• **What you have to do**: When you reach the line that contains "measure \<Rightarrow> 's set" in the data below, start reproducing lines exactly, and stop after the line that contains "(\<forall>B\<in>Fsig M (past_set".

• **Records excerpted from a collection**:
════════════════

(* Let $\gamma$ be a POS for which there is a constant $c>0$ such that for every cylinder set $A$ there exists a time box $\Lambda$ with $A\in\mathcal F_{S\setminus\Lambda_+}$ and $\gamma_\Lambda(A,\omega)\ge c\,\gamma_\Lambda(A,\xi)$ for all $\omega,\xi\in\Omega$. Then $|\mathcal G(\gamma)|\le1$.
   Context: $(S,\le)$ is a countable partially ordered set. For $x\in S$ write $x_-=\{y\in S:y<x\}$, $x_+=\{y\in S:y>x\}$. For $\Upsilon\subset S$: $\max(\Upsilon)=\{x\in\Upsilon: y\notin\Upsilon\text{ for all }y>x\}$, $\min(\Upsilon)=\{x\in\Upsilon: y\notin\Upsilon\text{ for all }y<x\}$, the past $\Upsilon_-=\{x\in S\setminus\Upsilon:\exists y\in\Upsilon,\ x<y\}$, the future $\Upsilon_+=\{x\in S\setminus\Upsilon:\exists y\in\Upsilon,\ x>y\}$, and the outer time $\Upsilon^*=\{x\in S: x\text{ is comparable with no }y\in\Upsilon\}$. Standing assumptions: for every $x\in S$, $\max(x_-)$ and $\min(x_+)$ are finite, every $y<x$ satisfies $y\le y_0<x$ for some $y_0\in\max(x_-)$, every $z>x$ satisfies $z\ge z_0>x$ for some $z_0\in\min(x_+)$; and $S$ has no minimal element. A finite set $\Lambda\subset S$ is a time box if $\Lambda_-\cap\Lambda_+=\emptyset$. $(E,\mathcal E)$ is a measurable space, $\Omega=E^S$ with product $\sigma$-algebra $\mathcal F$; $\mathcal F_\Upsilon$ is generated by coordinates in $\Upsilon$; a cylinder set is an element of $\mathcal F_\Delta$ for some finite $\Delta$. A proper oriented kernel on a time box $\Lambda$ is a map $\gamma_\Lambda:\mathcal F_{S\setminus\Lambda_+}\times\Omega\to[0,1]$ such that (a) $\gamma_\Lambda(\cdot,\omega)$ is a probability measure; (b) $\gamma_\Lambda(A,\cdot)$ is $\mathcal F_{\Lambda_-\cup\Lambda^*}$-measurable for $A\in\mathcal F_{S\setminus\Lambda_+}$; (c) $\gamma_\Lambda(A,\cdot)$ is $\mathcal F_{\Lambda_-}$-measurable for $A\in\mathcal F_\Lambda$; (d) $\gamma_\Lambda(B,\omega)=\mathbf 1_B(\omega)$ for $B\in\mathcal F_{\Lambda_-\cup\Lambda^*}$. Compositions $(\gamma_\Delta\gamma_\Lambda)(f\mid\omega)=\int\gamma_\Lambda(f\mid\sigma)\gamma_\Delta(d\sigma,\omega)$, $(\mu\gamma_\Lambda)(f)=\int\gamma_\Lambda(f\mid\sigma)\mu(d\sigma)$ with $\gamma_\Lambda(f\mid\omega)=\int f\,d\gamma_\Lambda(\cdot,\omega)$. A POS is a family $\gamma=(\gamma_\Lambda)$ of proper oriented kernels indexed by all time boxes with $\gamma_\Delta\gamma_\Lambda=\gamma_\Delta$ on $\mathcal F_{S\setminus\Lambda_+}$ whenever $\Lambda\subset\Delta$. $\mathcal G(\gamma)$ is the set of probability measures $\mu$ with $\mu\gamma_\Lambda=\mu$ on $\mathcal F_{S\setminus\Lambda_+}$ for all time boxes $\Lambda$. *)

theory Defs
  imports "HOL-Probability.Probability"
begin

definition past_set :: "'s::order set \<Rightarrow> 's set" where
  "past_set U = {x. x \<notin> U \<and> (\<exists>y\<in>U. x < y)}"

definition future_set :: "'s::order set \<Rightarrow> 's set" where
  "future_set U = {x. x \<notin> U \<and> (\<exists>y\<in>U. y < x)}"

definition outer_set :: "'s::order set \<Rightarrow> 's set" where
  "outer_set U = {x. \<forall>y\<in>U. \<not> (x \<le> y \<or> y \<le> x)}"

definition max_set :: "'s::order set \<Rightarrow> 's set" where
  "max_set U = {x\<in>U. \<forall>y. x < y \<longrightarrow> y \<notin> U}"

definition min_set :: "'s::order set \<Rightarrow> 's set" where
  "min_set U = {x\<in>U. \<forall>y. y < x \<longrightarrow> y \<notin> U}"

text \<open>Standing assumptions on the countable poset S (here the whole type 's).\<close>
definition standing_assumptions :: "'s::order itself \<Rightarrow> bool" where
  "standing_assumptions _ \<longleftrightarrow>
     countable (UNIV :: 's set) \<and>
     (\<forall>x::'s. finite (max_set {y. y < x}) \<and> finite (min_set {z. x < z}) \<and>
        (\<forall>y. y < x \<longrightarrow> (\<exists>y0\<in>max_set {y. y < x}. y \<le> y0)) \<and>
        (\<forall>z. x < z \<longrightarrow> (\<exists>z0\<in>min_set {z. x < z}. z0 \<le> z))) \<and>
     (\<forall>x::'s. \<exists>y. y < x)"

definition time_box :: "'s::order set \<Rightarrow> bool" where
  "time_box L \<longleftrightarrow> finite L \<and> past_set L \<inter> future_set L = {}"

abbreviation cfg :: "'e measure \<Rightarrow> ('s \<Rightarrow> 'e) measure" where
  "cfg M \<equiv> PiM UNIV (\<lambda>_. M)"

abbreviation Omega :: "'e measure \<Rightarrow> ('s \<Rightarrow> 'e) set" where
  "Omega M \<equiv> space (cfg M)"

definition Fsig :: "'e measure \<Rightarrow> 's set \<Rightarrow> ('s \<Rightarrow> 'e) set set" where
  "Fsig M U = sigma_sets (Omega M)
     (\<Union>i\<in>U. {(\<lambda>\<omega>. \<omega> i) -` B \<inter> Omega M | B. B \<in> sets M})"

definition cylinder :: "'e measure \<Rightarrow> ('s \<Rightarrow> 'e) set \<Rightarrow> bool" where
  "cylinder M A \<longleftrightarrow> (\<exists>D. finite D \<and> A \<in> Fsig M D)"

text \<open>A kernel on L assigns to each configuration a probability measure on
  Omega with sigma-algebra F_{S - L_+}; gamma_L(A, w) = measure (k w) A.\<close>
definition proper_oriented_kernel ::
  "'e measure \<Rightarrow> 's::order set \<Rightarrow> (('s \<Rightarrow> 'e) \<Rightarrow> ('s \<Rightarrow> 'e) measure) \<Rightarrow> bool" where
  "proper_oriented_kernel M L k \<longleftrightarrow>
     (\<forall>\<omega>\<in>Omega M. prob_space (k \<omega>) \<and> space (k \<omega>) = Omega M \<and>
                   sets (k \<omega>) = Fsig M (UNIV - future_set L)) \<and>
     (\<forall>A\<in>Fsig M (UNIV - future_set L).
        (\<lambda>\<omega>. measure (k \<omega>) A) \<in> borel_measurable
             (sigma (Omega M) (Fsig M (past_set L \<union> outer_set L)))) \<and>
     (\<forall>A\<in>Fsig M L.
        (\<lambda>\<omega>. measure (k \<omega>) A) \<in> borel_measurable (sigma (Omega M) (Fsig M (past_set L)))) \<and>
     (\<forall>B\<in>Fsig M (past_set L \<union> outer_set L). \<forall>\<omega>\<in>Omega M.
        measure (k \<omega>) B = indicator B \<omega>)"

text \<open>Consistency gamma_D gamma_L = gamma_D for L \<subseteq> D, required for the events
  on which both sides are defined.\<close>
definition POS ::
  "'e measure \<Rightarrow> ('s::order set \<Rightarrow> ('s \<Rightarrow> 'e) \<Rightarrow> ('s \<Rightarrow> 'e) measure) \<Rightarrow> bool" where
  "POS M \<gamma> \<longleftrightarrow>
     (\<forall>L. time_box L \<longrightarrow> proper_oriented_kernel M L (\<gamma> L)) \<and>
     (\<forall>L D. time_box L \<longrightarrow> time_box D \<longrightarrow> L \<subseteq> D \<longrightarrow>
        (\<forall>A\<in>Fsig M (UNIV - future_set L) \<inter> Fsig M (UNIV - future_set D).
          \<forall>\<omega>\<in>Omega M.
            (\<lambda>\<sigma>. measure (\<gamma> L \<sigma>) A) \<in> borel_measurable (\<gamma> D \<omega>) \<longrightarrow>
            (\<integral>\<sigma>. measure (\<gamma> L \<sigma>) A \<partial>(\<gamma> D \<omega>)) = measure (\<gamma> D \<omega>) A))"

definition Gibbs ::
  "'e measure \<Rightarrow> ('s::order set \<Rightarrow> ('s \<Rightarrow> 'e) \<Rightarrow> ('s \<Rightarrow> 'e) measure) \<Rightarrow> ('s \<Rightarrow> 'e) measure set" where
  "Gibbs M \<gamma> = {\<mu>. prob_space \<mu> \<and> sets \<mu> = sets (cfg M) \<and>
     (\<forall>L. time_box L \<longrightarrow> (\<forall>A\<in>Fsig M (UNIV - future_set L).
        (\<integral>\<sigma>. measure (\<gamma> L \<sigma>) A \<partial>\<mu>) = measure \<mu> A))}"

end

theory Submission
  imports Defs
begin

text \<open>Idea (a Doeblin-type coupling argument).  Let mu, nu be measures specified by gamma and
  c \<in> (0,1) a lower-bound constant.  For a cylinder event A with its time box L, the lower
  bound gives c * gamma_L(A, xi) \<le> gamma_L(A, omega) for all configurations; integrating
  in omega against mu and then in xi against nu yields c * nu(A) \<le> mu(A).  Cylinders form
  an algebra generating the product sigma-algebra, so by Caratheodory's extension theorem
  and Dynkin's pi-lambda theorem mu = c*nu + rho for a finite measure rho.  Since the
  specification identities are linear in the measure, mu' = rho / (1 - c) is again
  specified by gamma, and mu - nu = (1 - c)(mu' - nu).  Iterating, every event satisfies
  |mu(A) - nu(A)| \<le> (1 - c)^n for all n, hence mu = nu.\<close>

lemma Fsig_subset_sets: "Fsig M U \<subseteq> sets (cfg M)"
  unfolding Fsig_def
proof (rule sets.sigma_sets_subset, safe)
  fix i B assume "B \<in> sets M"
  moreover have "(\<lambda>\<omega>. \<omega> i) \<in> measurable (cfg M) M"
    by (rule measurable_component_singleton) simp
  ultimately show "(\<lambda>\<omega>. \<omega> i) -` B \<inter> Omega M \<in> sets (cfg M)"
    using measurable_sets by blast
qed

════════════════

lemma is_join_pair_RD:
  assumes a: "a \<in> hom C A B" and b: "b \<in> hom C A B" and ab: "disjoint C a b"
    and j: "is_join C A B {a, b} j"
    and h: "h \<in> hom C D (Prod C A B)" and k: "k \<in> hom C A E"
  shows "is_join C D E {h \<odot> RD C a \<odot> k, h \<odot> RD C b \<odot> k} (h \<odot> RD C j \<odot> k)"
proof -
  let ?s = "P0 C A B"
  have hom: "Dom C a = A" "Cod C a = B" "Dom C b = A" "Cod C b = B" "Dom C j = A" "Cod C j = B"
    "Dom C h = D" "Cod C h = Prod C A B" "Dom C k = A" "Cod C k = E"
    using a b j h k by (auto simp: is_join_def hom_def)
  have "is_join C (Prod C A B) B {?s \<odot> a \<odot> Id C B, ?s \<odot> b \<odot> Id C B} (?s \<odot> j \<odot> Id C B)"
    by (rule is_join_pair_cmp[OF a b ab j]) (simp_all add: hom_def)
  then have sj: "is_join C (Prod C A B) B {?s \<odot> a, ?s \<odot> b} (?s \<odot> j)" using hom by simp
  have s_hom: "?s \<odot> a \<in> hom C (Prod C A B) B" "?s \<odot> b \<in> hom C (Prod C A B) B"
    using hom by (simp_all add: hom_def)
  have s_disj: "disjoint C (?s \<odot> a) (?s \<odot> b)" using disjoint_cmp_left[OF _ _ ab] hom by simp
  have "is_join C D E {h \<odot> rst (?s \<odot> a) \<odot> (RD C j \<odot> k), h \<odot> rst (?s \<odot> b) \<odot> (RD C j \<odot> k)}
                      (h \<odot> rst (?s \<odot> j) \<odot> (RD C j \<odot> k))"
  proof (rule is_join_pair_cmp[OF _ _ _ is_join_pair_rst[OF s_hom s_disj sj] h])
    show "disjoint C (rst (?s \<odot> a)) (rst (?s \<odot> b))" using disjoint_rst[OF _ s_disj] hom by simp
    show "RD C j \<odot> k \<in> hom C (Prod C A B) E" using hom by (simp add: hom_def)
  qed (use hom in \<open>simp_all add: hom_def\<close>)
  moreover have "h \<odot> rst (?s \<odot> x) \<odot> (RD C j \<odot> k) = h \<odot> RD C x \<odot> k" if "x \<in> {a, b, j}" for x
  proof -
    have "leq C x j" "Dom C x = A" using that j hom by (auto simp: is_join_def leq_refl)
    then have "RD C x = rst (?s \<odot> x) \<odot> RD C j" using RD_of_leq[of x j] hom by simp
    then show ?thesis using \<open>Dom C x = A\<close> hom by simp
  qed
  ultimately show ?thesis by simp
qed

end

════════════════

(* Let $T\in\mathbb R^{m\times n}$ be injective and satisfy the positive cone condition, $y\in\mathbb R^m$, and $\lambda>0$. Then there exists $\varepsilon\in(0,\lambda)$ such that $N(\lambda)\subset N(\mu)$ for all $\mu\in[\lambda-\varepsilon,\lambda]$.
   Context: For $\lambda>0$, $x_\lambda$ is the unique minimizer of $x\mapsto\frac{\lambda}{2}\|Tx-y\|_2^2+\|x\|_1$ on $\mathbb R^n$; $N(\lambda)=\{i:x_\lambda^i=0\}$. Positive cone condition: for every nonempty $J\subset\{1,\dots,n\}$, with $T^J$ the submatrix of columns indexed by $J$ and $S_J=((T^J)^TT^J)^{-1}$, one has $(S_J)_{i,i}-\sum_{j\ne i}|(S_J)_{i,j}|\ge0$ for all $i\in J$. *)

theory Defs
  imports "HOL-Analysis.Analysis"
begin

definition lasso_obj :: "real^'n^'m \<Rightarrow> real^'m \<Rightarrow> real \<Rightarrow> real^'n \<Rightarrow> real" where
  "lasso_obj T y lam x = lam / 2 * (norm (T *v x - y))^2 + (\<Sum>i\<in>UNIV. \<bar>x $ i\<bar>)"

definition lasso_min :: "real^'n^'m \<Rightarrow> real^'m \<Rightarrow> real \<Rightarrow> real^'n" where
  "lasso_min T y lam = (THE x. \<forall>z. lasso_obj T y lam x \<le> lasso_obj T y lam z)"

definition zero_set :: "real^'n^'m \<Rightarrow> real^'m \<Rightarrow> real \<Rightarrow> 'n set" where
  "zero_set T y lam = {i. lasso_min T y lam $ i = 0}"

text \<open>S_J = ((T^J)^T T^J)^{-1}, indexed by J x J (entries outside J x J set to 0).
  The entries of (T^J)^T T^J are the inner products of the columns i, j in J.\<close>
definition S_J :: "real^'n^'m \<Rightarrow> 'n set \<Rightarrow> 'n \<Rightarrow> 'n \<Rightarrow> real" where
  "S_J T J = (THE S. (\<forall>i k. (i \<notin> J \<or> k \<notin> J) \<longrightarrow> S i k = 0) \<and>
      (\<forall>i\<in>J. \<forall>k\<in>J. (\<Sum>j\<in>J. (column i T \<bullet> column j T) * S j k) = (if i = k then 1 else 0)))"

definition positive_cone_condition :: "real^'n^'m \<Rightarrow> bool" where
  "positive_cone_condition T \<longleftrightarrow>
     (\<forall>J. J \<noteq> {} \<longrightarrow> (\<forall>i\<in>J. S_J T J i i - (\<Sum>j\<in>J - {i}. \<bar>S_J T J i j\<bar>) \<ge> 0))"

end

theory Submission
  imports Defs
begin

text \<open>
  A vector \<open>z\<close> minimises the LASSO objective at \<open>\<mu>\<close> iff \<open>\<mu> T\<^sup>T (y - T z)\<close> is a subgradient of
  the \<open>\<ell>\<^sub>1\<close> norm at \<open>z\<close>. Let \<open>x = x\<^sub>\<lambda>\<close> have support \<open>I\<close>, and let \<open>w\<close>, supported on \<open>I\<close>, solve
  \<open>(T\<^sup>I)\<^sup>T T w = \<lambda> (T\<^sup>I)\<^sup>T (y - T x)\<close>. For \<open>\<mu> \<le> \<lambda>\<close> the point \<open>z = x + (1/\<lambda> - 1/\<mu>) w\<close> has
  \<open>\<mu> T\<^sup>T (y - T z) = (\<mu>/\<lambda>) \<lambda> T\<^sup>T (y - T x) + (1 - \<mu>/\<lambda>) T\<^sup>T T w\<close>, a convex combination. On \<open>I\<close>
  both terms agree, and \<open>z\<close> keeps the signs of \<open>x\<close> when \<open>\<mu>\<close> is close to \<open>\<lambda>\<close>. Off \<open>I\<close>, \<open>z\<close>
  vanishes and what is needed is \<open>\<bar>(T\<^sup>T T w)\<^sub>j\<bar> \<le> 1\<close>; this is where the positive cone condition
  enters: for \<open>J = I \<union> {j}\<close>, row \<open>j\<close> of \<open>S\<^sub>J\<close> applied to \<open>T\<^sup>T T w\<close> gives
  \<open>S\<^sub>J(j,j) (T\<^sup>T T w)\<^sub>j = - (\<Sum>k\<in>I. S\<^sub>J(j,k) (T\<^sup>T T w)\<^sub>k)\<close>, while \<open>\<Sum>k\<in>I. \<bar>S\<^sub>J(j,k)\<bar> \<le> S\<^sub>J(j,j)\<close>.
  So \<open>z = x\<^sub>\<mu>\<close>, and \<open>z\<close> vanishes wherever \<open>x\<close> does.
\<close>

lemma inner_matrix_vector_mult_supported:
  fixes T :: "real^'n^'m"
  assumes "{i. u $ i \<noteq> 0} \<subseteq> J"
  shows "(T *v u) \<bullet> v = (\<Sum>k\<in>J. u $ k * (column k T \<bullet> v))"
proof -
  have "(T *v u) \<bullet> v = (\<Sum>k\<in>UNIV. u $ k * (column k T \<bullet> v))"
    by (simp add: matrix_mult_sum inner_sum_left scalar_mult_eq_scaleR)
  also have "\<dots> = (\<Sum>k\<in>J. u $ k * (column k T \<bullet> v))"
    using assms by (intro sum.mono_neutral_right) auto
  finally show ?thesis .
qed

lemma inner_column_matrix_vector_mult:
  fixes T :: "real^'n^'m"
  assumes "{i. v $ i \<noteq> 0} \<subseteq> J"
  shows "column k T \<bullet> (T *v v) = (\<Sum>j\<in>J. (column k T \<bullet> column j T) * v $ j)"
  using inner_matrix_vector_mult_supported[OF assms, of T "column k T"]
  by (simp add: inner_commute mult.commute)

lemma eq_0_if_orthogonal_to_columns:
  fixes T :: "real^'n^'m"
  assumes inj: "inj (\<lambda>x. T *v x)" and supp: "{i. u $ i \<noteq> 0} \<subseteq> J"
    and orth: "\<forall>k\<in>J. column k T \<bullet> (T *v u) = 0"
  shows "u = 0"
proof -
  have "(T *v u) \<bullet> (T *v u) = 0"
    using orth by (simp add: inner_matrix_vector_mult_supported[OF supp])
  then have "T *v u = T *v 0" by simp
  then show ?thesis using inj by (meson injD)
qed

════════════════

• **Response box**:
definition Fsig :: "'e measure \<Rightarrow> 's set \<Rightarrow> ('s \<Rightarrow> 'e) set set" where
  "Fsig M U = sigma_sets (Omega M)
     (\<Union>i\<in>U. {(\<lambda>\<omega>. \<omega> i) -` B \<inter> Omega M | B. B \<in> sets M})"

definition cylinder :: "'e measure \<Rightarrow> ('s \<Rightarrow> 'e) set \<Rightarrow> bool" where
  "cylinder M A \<longleftrightarrow> (\<exists>D. finite D \<and> A \<in> Fsig M D)"

text \<open>A kernel on L assigns to each configuration a probability measure on
  Omega with sigma-algebra F_{S - L_+}; gamma_L(A, w) = measure (k w) A.\<close>
definition proper_oriented_kernel ::
  "'e measure \<Rightarrow> 's::order set \<Rightarrow> (('s \<Rightarrow> 'e) \<Rightarrow> ('s \<Rightarrow> 'e) measure) \<Rightarrow> bool" where
  "proper_oriented_kernel M L k \<longleftrightarrow>
     (\<forall>\<omega>\<in>Omega M. prob_space (k \<omega>) \<and> space (k \<omega>) = Omega M \<and>
                   sets (k \<omega>) = Fsig M (UNIV - future_set L)) \<and>
     (\<forall>A\<in>Fsig M (UNIV - future_set L).
        (\<lambda>\<omega>. measure (k \<omega>) A) \<in> borel_measurable
             (sigma (Omega M) (Fsig M (past_set L \<union> outer_set L)))) \<and>
     (\<forall>A\<in>Fsig M L.
        (\<lambda>\<omega>. measure (k \<omega>) A) \<in> borel_measurable (sigma (Omega M) (Fsig M (past_set L)))) \<and>
     (\<forall>B\<in>Fsig M (past_set L \<union> outer_set L). \<forall>\<omega>\<in>Omega M.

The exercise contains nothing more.